• Problem details: Which lines of the entries below include "where"? List them all.

:: Input

(* For every constant $\delta>0$ there exist constants $c_\delta>0$ and $n_0$ such that for all $n\ge n_0$, all integers $k$ with $c_\delta\log n\le k\le n$, all integers $d\ge0$ and $t\ge1$ with $(d+1)\mid t$, every binary $t\times n$ matrix $M$ that is $d$-runlength constrained and is a (zero-error) QNAGT scheme for $k$ defectives satisfies $$t\ge\frac{2(1-\delta)\,k\log(1+n/k)}{\log\left(\frac{2\pi e k}{d+1}+2\right)}.$$
   Context: $\log$ denotes the base-2 logarithm. A binary $t\times n$ matrix $M$ is $d$-runlength constrained if in every column, any two $1$'s are separated by a run of at least $d$ zeros, i.e. $M_{ij}=M_{i'j}=1$ with $i<i'$ implies $i'-i\ge d+1$. A vector is $k$-sparse if its Hamming weight is at most $k$. $M$ is a zero-error QNAGT scheme for $k$ defectives if $Mx\ne Mx'$ (real matrix-vector product) for all distinct $k$-sparse $x,x'\in\{0,1\}^n$. *)

theory Defs
  imports Complex_Main
begin

text \<open>A binary t x n matrix is represented as M :: nat => nat => nat with
  rows i < t and columns j < n; binary means every entry (in range) is 0 or 1.
  Binary vectors of length n are functions x :: nat => nat with x j in {0,1}
  for j < n and x j = 0 for j >= n.\<close>

definition binary_matrix :: "nat \<Rightarrow> nat \<Rightarrow> (nat \<Rightarrow> nat \<Rightarrow> nat) \<Rightarrow> bool" where
  "binary_matrix t n M \<longleftrightarrow> (\<forall>i<t. \<forall>j<n. M i j \<in> {0, 1})"

definition binary_vec :: "nat \<Rightarrow> (nat \<Rightarrow> nat) \<Rightarrow> bool" where
  "binary_vec n x \<longleftrightarrow> (\<forall>j<n. x j \<in> {0, 1}) \<and> (\<forall>j\<ge>n. x j = 0)"

definition hamming_weight :: "nat \<Rightarrow> (nat \<Rightarrow> nat) \<Rightarrow> nat" where
  "hamming_weight n x = card {j. j < n \<and> x j \<noteq> 0}"

definition sparse :: "nat \<Rightarrow> nat \<Rightarrow> (nat \<Rightarrow> nat) \<Rightarrow> bool" where
  "sparse n k x \<longleftrightarrow> hamming_weight n x \<le> k"

definition mat_vec :: "nat \<Rightarrow> (nat \<Rightarrow> nat \<Rightarrow> nat) \<Rightarrow> (nat \<Rightarrow> nat) \<Rightarrow> nat \<Rightarrow> nat" where
  "mat_vec n M x i = (\<Sum>j<n. M i j * x j)"

definition runlength_constrained :: "nat \<Rightarrow> nat \<Rightarrow> nat \<Rightarrow> (nat \<Rightarrow> nat \<Rightarrow> nat) \<Rightarrow> bool" where
  "runlength_constrained d t n M \<longleftrightarrow>
     (\<forall>j<n. \<forall>i<t. \<forall>i'<t. M i j = 1 \<and> M i' j = 1 \<and> i < i' \<longrightarrow> i' - i \<ge> d + 1)"

definition QNAGT_scheme :: "nat \<Rightarrow> nat \<Rightarrow> nat \<Rightarrow> (nat \<Rightarrow> nat \<Rightarrow> nat) \<Rightarrow> bool" where
  "QNAGT_scheme k t n M \<longleftrightarrow>
     (\<forall>x x'. binary_vec n x \<and> binary_vec n x' \<and> sparse n k x \<and> sparse n k x' \<and> x \<noteq> x'
        \<longrightarrow> (\<exists>i<t. mat_vec n M x i \<noteq> mat_vec n M x' i))"

end

theory Submission
  imports Defs "HOL-Probability.Probability"
begin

::::

• Response:
definition binary_matrix :: "nat \<Rightarrow> nat \<Rightarrow> (nat \<Rightarrow> nat \<Rightarrow> nat) \<Rightarrow> bool" where
definition binary_vec :: "nat \<Rightarrow> (nat \<Rightarrow> nat) \<Rightarrow> bool" where
definition hamming_weight :: "nat \<Rightarrow> (nat \<Rightarrow> nat) \<Rightarrow> nat" where
definition sparse :: "nat \<Rightarrow> nat \<Rightarrow> (nat \<Rightarrow> nat) \<Rightarrow> bool" where
definition mat_vec :: "nat \<Rightarrow> (nat \<Rightarrow> nat \<Rightarrow> nat) \<Rightarrow> (nat \<Rightarrow> nat) \<Rightarrow> nat \<Rightarrow> nat" where
definition runlength_constrained :: "nat \<Rightarrow> nat \<Rightarrow> nat \<Rightarrow> (nat \<Rightarrow> nat \<Rightarrow> nat) \<Rightarrow> bool" where
definition QNAGT_scheme :: "nat \<Rightarrow> nat \<Rightarrow> nat \<Rightarrow> (nat \<Rightarrow> nat \<Rightarrow> nat) \<Rightarrow> bool" where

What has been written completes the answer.